### DIRECTIONS FOR THIS TASK
Of the lines below, report only those that contain "mval".
═══
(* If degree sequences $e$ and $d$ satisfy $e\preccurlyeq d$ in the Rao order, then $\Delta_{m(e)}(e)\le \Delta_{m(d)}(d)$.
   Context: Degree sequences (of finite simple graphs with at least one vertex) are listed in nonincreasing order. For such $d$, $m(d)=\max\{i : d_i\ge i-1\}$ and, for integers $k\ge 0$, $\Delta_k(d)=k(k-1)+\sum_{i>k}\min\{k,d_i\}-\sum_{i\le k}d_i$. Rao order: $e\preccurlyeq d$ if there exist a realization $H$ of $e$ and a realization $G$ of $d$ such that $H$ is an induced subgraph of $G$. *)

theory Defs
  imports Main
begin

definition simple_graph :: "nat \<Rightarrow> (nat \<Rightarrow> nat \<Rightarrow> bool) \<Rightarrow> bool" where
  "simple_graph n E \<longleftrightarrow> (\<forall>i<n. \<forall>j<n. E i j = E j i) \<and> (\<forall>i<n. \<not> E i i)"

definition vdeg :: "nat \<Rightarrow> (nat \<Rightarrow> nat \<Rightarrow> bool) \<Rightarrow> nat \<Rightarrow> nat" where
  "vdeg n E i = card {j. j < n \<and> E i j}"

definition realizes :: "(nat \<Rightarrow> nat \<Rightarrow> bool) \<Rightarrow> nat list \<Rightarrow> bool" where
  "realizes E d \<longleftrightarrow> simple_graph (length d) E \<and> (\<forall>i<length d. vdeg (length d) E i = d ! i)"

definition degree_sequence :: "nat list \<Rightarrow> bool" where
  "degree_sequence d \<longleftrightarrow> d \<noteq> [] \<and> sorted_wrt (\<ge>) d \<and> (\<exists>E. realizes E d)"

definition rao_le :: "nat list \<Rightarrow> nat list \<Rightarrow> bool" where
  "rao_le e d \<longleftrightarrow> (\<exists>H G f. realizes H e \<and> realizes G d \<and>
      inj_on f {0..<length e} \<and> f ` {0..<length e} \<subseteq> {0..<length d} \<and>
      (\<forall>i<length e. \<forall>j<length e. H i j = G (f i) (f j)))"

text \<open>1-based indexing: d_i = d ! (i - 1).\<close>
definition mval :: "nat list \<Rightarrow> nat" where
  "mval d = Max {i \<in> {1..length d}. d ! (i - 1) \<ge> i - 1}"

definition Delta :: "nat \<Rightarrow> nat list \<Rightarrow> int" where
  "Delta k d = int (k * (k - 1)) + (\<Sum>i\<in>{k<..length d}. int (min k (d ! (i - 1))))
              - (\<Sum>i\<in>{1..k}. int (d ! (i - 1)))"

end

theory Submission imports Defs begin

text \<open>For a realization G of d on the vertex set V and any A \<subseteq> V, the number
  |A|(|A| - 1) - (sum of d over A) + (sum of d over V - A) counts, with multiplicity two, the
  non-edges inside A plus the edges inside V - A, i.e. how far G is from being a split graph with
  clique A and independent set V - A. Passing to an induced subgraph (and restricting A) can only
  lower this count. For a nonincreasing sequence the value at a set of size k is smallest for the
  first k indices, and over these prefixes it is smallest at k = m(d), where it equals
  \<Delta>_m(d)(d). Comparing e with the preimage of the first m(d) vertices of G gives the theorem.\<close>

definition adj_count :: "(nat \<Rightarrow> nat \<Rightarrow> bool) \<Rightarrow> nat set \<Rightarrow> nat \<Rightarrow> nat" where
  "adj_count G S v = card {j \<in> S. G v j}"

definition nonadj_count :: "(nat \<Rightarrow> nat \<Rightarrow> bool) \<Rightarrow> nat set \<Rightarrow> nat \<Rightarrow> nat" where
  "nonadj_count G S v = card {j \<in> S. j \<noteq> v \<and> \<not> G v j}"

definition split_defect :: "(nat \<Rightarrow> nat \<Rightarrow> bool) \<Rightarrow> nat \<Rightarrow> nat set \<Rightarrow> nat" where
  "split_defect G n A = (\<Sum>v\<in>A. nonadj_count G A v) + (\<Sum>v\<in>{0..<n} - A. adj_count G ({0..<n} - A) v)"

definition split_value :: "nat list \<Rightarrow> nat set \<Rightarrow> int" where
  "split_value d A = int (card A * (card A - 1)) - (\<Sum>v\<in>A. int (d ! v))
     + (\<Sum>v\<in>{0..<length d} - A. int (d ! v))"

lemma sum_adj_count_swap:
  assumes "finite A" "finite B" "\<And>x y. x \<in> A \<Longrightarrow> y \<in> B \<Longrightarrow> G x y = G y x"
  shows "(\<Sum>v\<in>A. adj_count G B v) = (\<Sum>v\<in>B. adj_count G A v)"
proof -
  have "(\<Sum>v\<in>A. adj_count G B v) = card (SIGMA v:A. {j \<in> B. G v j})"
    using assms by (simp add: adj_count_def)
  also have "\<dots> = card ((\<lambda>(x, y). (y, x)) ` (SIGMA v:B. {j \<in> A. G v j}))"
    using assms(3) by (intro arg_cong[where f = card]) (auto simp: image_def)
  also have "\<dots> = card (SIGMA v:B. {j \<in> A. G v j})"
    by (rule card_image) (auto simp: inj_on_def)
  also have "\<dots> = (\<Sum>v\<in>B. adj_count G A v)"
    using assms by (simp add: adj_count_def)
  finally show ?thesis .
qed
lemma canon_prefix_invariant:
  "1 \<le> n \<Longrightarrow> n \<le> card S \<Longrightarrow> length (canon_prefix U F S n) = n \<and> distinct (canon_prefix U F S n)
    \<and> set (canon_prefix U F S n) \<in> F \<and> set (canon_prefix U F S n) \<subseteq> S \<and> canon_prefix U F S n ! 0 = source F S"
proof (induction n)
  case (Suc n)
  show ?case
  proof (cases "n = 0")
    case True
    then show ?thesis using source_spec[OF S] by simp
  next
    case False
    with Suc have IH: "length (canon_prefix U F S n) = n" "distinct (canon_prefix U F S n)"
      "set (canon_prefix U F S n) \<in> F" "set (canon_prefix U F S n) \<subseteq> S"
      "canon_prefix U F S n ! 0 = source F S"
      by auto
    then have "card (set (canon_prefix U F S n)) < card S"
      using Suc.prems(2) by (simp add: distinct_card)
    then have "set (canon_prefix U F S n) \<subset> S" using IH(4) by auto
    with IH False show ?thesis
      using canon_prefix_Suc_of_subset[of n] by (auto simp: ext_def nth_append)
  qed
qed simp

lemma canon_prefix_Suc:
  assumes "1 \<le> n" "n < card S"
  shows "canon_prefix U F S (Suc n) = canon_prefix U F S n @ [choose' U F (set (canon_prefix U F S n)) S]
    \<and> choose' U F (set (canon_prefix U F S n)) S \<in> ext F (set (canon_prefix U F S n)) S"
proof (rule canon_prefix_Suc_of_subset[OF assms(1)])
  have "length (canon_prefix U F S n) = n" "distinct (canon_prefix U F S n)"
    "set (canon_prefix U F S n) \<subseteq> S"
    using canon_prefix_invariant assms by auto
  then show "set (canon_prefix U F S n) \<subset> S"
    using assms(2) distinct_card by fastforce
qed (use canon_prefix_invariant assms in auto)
═══
### TASK RESULT
definition mval :: "nat list \<Rightarrow> nat" where
  "mval d = Max {i \<in> {1..length d}. d ! (i - 1) \<ge> i - 1}"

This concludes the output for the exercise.